Scrape SOLD Poshmark listings into resale price comps: sold price, days-to-sell, condition, and size, plus a summary per search (median, p25, p75 sold price, comp confidence, and a suggested list price). Built for Poshmark's 403 blocking.
All notable changes to this Actor are documented here. Format follows
Keep a Changelog ; versions follow semver.
[0.4.0] — 2026-06-17
Changed
Search-only extraction. Poshmark's search page embeds a grid ($_search.gridData.data) with
full per-listing data (price, inventory.status + status_changed_at, first_published_at,
condition, size, brand), so the Actor now builds every comp from one search fetch and no longer
requests per-listing detail pages. Measured on the platform: $0.25 per 1,000 results (down
from $1.00 in v0.3 and $35.72 on the old browser), 48 comps from a single request, 0 blocks,
~97% core completeness.
parse_detail is retained and refactored to share one record assembler (_assemble_record)
with the new search path.
Added
Search pagination. Follows more.next_max_id to page through results, so one query returns
up to maxItems comps (tested to 150 across 4 requests at $0.21/1,000, 0 blocks). Cross-page
itemId de-dup; page count is bounded by maxItems. Bigger samples lift compConfidence (150
comps reaches "high").
[0.3.0] — 2026-06-17
Changed
HTTP-first rewrite. Replaced the Playwright browser crawler with Crawlee's
BeautifulSoupCrawler (HTTP plus the impit browser-impersonation client). Every field is in
Poshmark's server-rendered HTML (window.__INITIAL_STATE__), so the browser was pure cost.

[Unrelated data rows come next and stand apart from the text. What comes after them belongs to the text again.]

lemma kof_large:
  assumes "262144 \<le> \<alpha>"
  shows "kof \<alpha> * sqrt (log 2 (kof \<alpha>)) \<le> \<alpha>" and "65536 \<le> kof \<alpha>"
proof -
  let ?fits = "\<lambda>k::nat. k * sqrt (log 2 k) \<le> \<alpha>"
  have bounded: "k \<le> \<alpha> + 1" if "?fits k" for k
  proof (cases "2 \<le> k")
    case True
    then have "1 \<le> sqrt (log 2 k)"
      by simp
    then have "real k \<le> k * sqrt (log 2 k)"
      by (simp add: mult_le_cancel_left1)
    with that show ?thesis by simp
  qed simp
  have "log 2 (65536::real) = 16"
    using log_nat_power[of 2 2 16] by simp
  moreover have "sqrt (16::real) = 4"
    by (simp add: real_sqrt_unique)
  ultimately have fits: "?fits 65536"
    using assms by simp
  show "?fits (kof \<alpha>)"
    unfolding kof_def by (rule GreatestI_nat[where P = ?fits, OF fits bounded])
  show "65536 \<le> kof \<alpha>"
    unfolding kof_def by (rule Greatest_le_nat[where P = ?fits, OF fits bounded])
qed

lemma error_free_codewords_distinct:
  assumes "error_free_scheme M E D" and "x \<in> M" and "y \<in> M"
    and "Px \<in> distr_on M" and "Py \<in> distr_on M" and "Q \<in> distr_on M"
    and "alpha_close M \<alpha> Px Q" and "alpha_close M \<alpha> Py Q"
    and "E x \<alpha> R Px = E y \<alpha> R Py"
  shows "x = y"
proof -
  have "x = D (E x \<alpha> R Px) \<alpha> R Q" and "y = D (E y \<alpha> R Py) \<alpha> R Q"
    using assms unfolding error_free_scheme_def by metis+
  with assms(9) show ?thesis by simp
qed

lemma codewords_inj_on:
  fixes M :: "'a set"
  assumes M: "finite M" "card M = k\<^sup>2 + 1" and "error_free_scheme M E D"
    and k: "65536 \<le> k" and \<alpha>: "k * sqrt (log 2 k) \<le> \<alpha>"
  shows "inj_on (\<lambda>x. E x \<alpha> R (P_mS M k x)) M"
proof (rule inj_onI)
  fix x y assume xy: "x \<in> M" "y \<in> M" and eq: "E x \<alpha> R (P_mS M k x) = E y \<alpha> R (P_mS M k y)"
  have "card {x, y} \<le> k + 1" and "k + 1 \<le> card M"
    using k M(2) by (auto simp: card_insert_if power2_eq_square)
  then obtain S where S: "{x, y} \<subseteq> S" "S \<subseteq> M" "card S = k + 1"
    using exists_subset_between[of "{x, y}" "k + 1" M] xy M(1) by auto
  note close = P_mS_Q_S_distr_close[OF M S(2,3) _ k \<alpha>]
  show "x = y"
    using S close by (intro error_free_codewords_distinct[OF assms(3) xy _ _ _ _ _ eq, where Q = "Q_S M k S"]) auto
qed

lemma prob_space_coins: "prob_space coins"
  unfolding coins_def by (intro prob_space_PiM prob_space_measure_pmf)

Measured on the platform: cost per 1,000 results fell from $35.72 to $1.00-$1.85
(datacenter / residential), run time for 20 items from ~391s to ~84s, still 0 blocks and
100% core completeness.
Default proxy is now Apify datacenter (cheapest, works at modest volume). Residential is the
fallback for heavy or blocked runs.
HTTP-mode block detection: HTTP 403/429/503 plus challenge-page markers, keyed off the
presence of __INITIAL_STATE__ so the word "captcha" in normal script bundles is not a false
positive.
Note
includeSellerStats is not fetched in the HTTP path (it was experimental and null anyway).
[0.2.0] — 2026-06-17
Added
Per-run DATA_QUALITY record + log line (src/quality.py): block rate, items returned vs
requested, fill rate, and per-field core completeness. Reliability becomes measurable per run.

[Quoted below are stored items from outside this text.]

text \<open>Triangularity: by \<open>rcomm_coh_expansion\<close> with \<open>s = k - t\<close>, the top coefficient
  \<open>(a\<^sup>\<dagger>)\<^bsup>km+t\<^esup>|z\<rangle>\<close> is reached from the commutator generators modulo lower levels \<open>km + t'\<close>, \<open>t' < t\<close>.\<close>

lemma cre_coh_in_subspace:
  assumes S: "fock_subspace S" and "0 < k" "z \<noteq> 0"
    and gen: "\<And>j. cre_coh z (k * j) \<in> S"
    and comm: "\<And>i s. 1 \<le> s \<Longrightarrow> s \<le> k - 1
      \<Longrightarrow> (cre ^^ (k * i)) (rcomm (opL \<alpha> k) (opLdag \<alpha> k) s (coh z)) \<in> S"
    and "k - 2 \<le> m" "t < k"
  shows "cre_coh z (k * m + t) \<in> S"
  using \<open>t < k\<close>
proof (induction t rule: less_induct)
  case (less t)
  show ?case
  proof (cases "t = 0")
    case False
    define s where "s = k - t"
    have s: "1 \<le> s" "s \<le> k - 1" "s \<le> k" "k - s = t"
      using less.prems False unfolding s_def by auto
    have km: "k * (m + 1 - s) + k * (s - 1) = k * m"
      using s \<open>k - 2 \<le> m\<close> by (simp flip: add_mult_distrib2)
    obtain c \<gamma> where "c \<noteq> 0" and expansion:
      "(cre ^^ (k * (m + 1 - s))) (rcomm (opL \<alpha> k) (opLdag \<alpha> k) s (coh z))
         = (\<lambda>n. (complex_of_real c * z ^ (k - s)) * cre_coh z (k * (m + 1 - s) + k * (s - 1) + (k - s)) n
              + (\<Sum>t<k - s. \<gamma> t * cre_coh z (k * (m + 1 - s) + k * (s - 1) + t) n))"
      by (rule rcomm_coh_expansion[OF \<open>0 < k\<close> s(1,3)])
    have "(\<lambda>n. (complex_of_real c * z ^ t) * cre_coh z (k * m + t) n
        + (\<Sum>t'<t. \<gamma> t' * cre_coh z (k * m + t') n)) \<in> S"
      using comm[OF s(1,2), of "m + 1 - s"] unfolding expansion km s(4) .
    moreover have "(\<lambda>n. \<Sum>t'<t. \<gamma> t' * cre_coh z (k * m + t') n) \<in> S"
      using less by (intro fock_subspace_sum[OF S] fock_subspace_scale[OF S]) auto
    ultimately have "(\<lambda>n. ((complex_of_real c * z ^ t) * cre_coh z (k * m + t) n
        + (\<Sum>t'<t. \<gamma> t' * cre_coh z (k * m + t') n)) - (\<Sum>t'<t. \<gamma> t' * cre_coh z (k * m + t') n)) \<in> S"
      by (rule fock_subspace_diff[OF S])
    then have "(\<lambda>n. (complex_of_real c * z ^ t) * cre_coh z (k * m + t) n) \<in> S"
      by simp
    then show ?thesis
      by (rule fock_subspace_cancel[OF S]) (simp add: \<open>c \<noteq> 0\<close> \<open>z \<noteq> 0\<close>)
  qed (simp add: gen)
qed

lemma cre_pow_mult_in_subspace:
  assumes S: "fock_subspace S" and orbit: "\<And>j. (opLdag \<alpha> k ^^ j) y \<in> S"
  shows "(cre ^^ (k * j)) y \<in> S"
  using orbit
proof (induction j arbitrary: y)
  case 0
  then show ?case using "0.prems"[of 0] by simp
next
  case (Suc j)
  have "(cre ^^ (k * Suc j)) y = (cre ^^ (k * j)) ((cre ^^ k) y)"
    by (simp add: cre_pow_cre_pow add.commute)
  also have "(cre ^^ k) y = (\<lambda>n. opLdag \<alpha> k y n + complex_of_real (\<alpha> ^ k) * y n)"
    unfolding opLdag_def by simp
  finally have "(cre ^^ (k * Suc j)) y
      = (\<lambda>n. (cre ^^ (k * j)) (opLdag \<alpha> k y) n + complex_of_real (\<alpha> ^ k) * (cre ^^ (k * j)) y n)"
    by (simp add: cre_pow_add cre_pow_scale)
  moreover have "(cre ^^ (k * j)) (opLdag \<alpha> k y) \<in> S"
    using Suc.prems[of "Suc _"] by (intro Suc.IH) (simp only: funpow_Suc_right comp_apply)
  moreover have "(cre ^^ (k * j)) y \<in> S"
    by (rule Suc.IH[OF Suc.prems])
  ultimately show ?case
    by (simp add: fock_subspace_add[OF S] fock_subspace_scale[OF S])
qed

lemma coh_root_in_kerL: "r < k \<Longrightarrow> coh (complex_of_real \<alpha> * cis (2 * pi / real k) ^ r) \<in> kerL \<alpha> k"
  unfolding kerL_def by (rule cspan_superset) blast

definition E_sum :: "real \<Rightarrow> nat \<Rightarrow> fock set" where
  "E_sum \<alpha> k = sum_set (Ea \<alpha> k) (Esharp \<alpha> k)"

lemma fock_subspace_E_sum: "fock_subspace (E_sum \<alpha> k)"
  unfolding E_sum_def Ea_def Esharp_def by (intro fock_subspace_sum_set fock_subspace_cspan)

lemma cre_coh_root_in_E_sum:
  assumes "r < k"
  shows "cre_coh (complex_of_real \<alpha> * cis (2 * pi / real k) ^ r) (k * j) \<in> E_sum \<alpha> k"
  unfolding cre_coh_def
proof (rule cre_pow_mult_in_subspace[OF fock_subspace_E_sum])
  show "(opLdag \<alpha> k ^^ i) (coh (complex_of_real \<alpha> * cis (2 * pi / real k) ^ r)) \<in> E_sum \<alpha> k" for i
    unfolding E_sum_def using coh_root_in_kerL[OF assms]
    by (intro sum_set_left) (auto simp: Ea_def Esharp_def fock_subspace_cspan intro!: cspan_superset)
qed

lemma rcomm_coh_in_E_sum:
  assumes "0 < k" "1 \<le> s" "s \<le> k - 1"
  shows "(cre ^^ (k * i)) (rcomm (opL \<alpha> k) (opLdag \<alpha> k) s (coh (complex_of_real \<alpha>))) \<in> E_sum \<alpha> k"
proof (rule cre_pow_mult_in_subspace[OF fock_subspace_E_sum])
  show "(opLdag \<alpha> k ^^ j) (rcomm (opL \<alpha> k) (opLdag \<alpha> k) s (coh (complex_of_real \<alpha>))) \<in> E_sum \<alpha> k"
    for j
    unfolding E_sum_def using coh_root_in_kerL[OF assms(1), of \<alpha>] assms(2,3)
    by (intro sum_set_right) (auto simp: Ea_def Esharp_def fock_subspace_cspan intro!: cspan_superset)
qed

lemma cre_coh_in_E_sum:
  assumes "0 < k" "\<alpha> \<noteq> 0" "k * (k - 2) \<le> p"
  shows "cre_coh (complex_of_real \<alpha>) p \<in> E_sum \<alpha> k"
proof -
  have gen: "cre_coh (complex_of_real \<alpha>) (k * j) \<in> E_sum \<alpha> k" for j
    using cre_coh_root_in_E_sum[OF assms(1), of \<alpha> j] by simp
  have "k - 2 \<le> p div k" using div_le_mono[OF assms(3), of k] assms(1) by simp
  then show ?thesis
    using cre_coh_in_subspace[OF fock_subspace_E_sum assms(1) _ gen rcomm_coh_in_E_sum[OF assms(1)],
        of "p div k" "p mod k"] assms
    by simp
qed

Comps intelligence layer (src/aggregate.py): recency window + pctSoldWithin30/60/90Days,
IQR outlier trimming (outliersRemoved), a transparent compConfidence score, priceByBrand,
medianDaysToSell, and a pricingRecommendation (listAt / fastSaleListAt / topDollarListAt
/ expectedDaysToSell / confidence).
Reproducible /benchmarks: fetch_live.py (re-pull live HTML) + measure_live.py (parse and
score real data). Phase 0 teardown documented in benchmarks/README.md.
Changed
Honest sellThroughRate: now null (with a note) in the default sold-only mode instead of a
misleading 1.0. Real rate requires soldOnly: false (sold + active sample).
Hardened block detection: added PerimeterX / DataDome / Imperva challenge-page markers and
HTTP 403/429/503 awareness on navigations (src/config.py, src/poshmark.py, src/scraper.py).
Store listing rewritten with measured, reproducible benchmark numbers and a 403 FAQ; Store name,
title, description, and categories tuned for search. Version bumped to 0.2.
Fixed (surfaced by the first live platform run)
ConcurrencySettings: Crawlee 1.7.2 rejects desired_concurrency (default 10) > max_concurrency.
Now clamped to min(DESIRED_CONCURRENCY, max_concurrency).
Detail/search navigations hung on the load event (~57 s timeout) on Poshmark. Now navigate with
wait_until="domcontentloaded" (all data is in the SSR HTML) and block_requests() to drop
images/css/fonts (faster + much less residential proxy bandwidth).
Verified
pytest 27 passed; parser scores 100% core completeness on 17 live sold listings across 3
queries; 0 blocks in a 24-request paced datacenter-IP baseline. See /benchmarks.
Deployed and ran live on Apify (RESIDENTIAL proxy): run SUCCEEDED, 0 blocks, 100% core
completeness, DATA_QUALITY + AGGREGATE records written as designed.
[0.1.0] — 2026-06-17
Added
Initial release: Poshmark SOLD listing scraper producing resale price comps.
Fixed, validated dataset record (Pydantic) — one object per listing with soldPrice,
daysToSell, originalRetailPrice, condition/size/color, likes/comments, seller fields,
and image URLs.
Per‑query aggregate written to the Key‑Value Store (AGGREGATE-<slug>): count, soldCount,
median/mean/p25/p75 sold price, avg days‑to‑sell, sell‑through rate, price by condition/size.